** INSTRUCTIONS TO FOLLOW **
Word for word, print all of the entries below.

(RECORDS FOR THIS EXERCISE Opens)

(* Let $\mathbb{X},\mathbb{Y}$ be finite-dimensional real Banach spaces and let $T\in\mathbb{L}(\mathbb{X},\mathbb{Y})$ be bijective. Then $T$ preserves parallel pairs if and only if $T$ preserves TEA pairs.
   Context: $(x,y)$ is a parallel pair if $\|x+\lambda y\|=\|x\|+\|y\|$ for some scalar $\lambda$ with $|\lambda|=1$; $(x,y)$ is a TEA pair if $\|x+y\|=\|x\|+\|y\|$. $T$ preserves parallel (resp. TEA) pairs if for all $x,y\in\mathbb{X}$, $(x,y)$ a parallel (resp. TEA) pair implies $(Tx,Ty)$ is a parallel (resp. TEA) pair. *)

theory Defs
  imports "HOL-Analysis.Analysis"
begin

definition parallel_pair :: "'a::real_normed_vector \<Rightarrow> 'a \<Rightarrow> bool" where
  "parallel_pair x y \<longleftrightarrow> (\<exists>c::real. \<bar>c\<bar> = 1 \<and> norm (x + c *\<^sub>R y) = norm x + norm y)"

definition tea_pair :: "'a::real_normed_vector \<Rightarrow> 'a \<Rightarrow> bool" where
  "tea_pair x y \<longleftrightarrow> norm (x + y) = norm x + norm y"

definition preserves_parallel :: "('a::real_normed_vector \<Rightarrow> 'b::real_normed_vector) \<Rightarrow> bool" where
  "preserves_parallel T \<longleftrightarrow> (\<forall>x y. parallel_pair x y \<longrightarrow> parallel_pair (T x) (T y))"

definition preserves_tea :: "('a::real_normed_vector \<Rightarrow> 'b::real_normed_vector) \<Rightarrow> bool" where
  "preserves_tea T \<longleftrightarrow> (\<forall>x y. tea_pair x y \<longrightarrow> tea_pair (T x) (T y))"

definition finite_dim_space :: "'a::real_vector itself \<Rightarrow> bool" where
  "finite_dim_space _ \<longleftrightarrow> (\<exists>B::'a set. finite B \<and> span B = UNIV)"

end

theory Submission
  imports Defs
begin

text \<open>A pair \<open>(x, y)\<close> is parallel iff \<open>(x, y)\<close> or \<open>(x, -y)\<close> is a TEA pair, which
  gives one direction at once. Conversely, if \<open>(x, y)\<close> is a TEA pair then so is any pair of
  points of the segment \<open>[x, y]\<close>, so \<open>T\<close> maps it onto a segment of nonzero, pairwise parallel
  vectors \<open>w t\<close>. Points \<open>w a\<close>, \<open>w b\<close> closer than the minimal norm on the segment cannot
  satisfy \<open>\<parallel>w a - w b\<parallel> = \<parallel>w a\<parallel> + \<parallel>w b\<parallel>\<close>, so they form a TEA pair, which makes
  \<open>t \<mapsto> \<parallel>w t\<parallel>\<close> affine on short intervals. Gluing overlapping intervals, it is affine on
  the whole segment, and at the midpoint this says \<open>\<parallel>T x + T y\<parallel> = \<parallel>T x\<parallel> + \<parallel>T y\<parallel>\<close>.\<close>

lemma parallel_pair_iff_tea_pair:
  "parallel_pair x y \<longleftrightarrow> tea_pair x y \<or> tea_pair x (- y)"
proof
  assume "parallel_pair x y"
  then obtain c :: real where "\<bar>c\<bar> = 1" "norm (x + c *\<^sub>R y) = norm x + norm y"
    unfolding parallel_pair_def by blast
  then show "tea_pair x y \<or> tea_pair x (- y)"
    unfolding tea_pair_def by (cases "c = 1") (auto simp: abs_if split: if_splits)
next
  assume "tea_pair x y \<or> tea_pair x (- y)"
  then show "parallel_pair x y"
    unfolding tea_pair_def parallel_pair_def
    by (metis abs_minus_cancel abs_one norm_minus_cancel scaleR_minus1_left scaleR_one)
qed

(RECORDS FOR THIS EXERCISE Closes)

** OUTPUT FOR THIS TASK **
(* Let $\mathbb{X},\mathbb{Y}$ be finite-dimensional real Banach spaces and let $T\in\mathbb{L}(\mathbb{X},\mathbb{Y})$ be bijective. Then $T$ preserves parallel pairs if and only if $T$ preserves TEA pairs.
   Context: $(x,y)$ is a parallel pair if $\|x+\lambda y\|=\|x\|+\|y\|$ for some scalar $\lambda$ with $|\lambda|=1$; $(x,y)$ is a TEA pair if $\|x+y\|=\|x\|+\|y\|$. $T$ preserves parallel (resp. TEA) pairs if for all $x,y\in\mathbb{X}$, $(x,y)$ a parallel (resp. TEA) pair implies $(Tx,Ty)$ is a parallel (resp. TEA) pair. *)

theory Defs
  imports "HOL-Analysis.Analysis"
begin

definition parallel_pair :: "'a::real_normed_vector \<Rightarrow> 'a \<Rightarrow> bool" where
  "parallel_pair x y \<longleftrightarrow> (\<exists>c::real. \<bar>c\<bar> = 1 \<and> norm (x + c *\<^sub>R y) = norm x + norm y)"

definition tea_pair :: "'a::real_normed_vector \<Rightarrow> 'a \<Rightarrow> bool" where
  "tea_pair x y \<longleftrightarrow> norm (x + y) = norm x + norm y"

definition preserves_parallel :: "('a::real_normed_vector \<Rightarrow> 'b::real_normed_vector) \<Rightarrow> bool" where
  "preserves_parallel T \<longleftrightarrow> (\<forall>x y. parallel_pair x y \<longrightarrow> parallel_pair (T x) (T y))"

definition preserves_tea :: "('a::real_normed_vector \<Rightarrow> 'b::real_normed_vector) \<Rightarrow> bool" where
  "preserves_tea T \<longleftrightarrow> (\<forall>x y. tea_pair x y \<longrightarrow> tea_pair (T x) (T y))"

definition finite_dim_space :: "'a::real_vector itself \<Rightarrow> bool" where
  "finite_dim_space _ \<longleftrightarrow> (\<exists>B::'a set. finite B \<and> span B = UNIV)"

end

theory Submission
  imports Defs
begin

text \<open>A pair \<open>(x, y)\<close> is parallel iff \<open>(x, y)\<close> or \<open>(x, -y)\<close> is a TEA pair, which
  gives one direction at once. Conversely, if \<open>(x, y)\<close> is a TEA pair then so is any pair of
  points of the segment \<open>[x, y]\<close>, so \<open>T\<close> maps it onto a segment of nonzero, pairwise parallel
  vectors \<open>w t\<close>. Points \<open>w a\<close>, \<open>w b\<close> closer than the minimal norm on the segment cannot
  satisfy \<open>\<parallel>w a - w b\<parallel> = \<parallel>w a\<parallel> + \<parallel>w b\<parallel>\<close>, so they form a TEA pair, which makes
  \<open>t \<mapsto> \<parallel>w t\<parallel>\<close> affine on short intervals. Gluing overlapping intervals, it is affine on
  the whole segment, and at the midpoint this says \<open>\<parallel>T x + T y\<parallel> = \<parallel>T x\<parallel> + \<parallel>T y\<parallel>\<close>.\<close>

lemma parallel_pair_iff_tea_pair:
  "parallel_pair x y \<longleftrightarrow> tea_pair x y \<or> tea_pair x (- y)"
proof
  assume "parallel_pair x y"
  then obtain c :: real where "\<bar>c\<bar> = 1" "norm (x + c *\<^sub>R y) = norm x + norm y"
    unfolding parallel_pair_def by blast
  then show "tea_pair x y \<or> tea_pair x (- y)"
    unfolding tea_pair_def by (cases "c = 1") (auto simp: abs_if split: if_splits)
next
  assume "tea_pair x y \<or> tea_pair x (- y)"
  then show "parallel_pair x y"
    unfolding tea_pair_def parallel_pair_def
    by (metis abs_minus_cancel abs_one norm_minus_cancel scaleR_minus1_left scaleR_one)
qed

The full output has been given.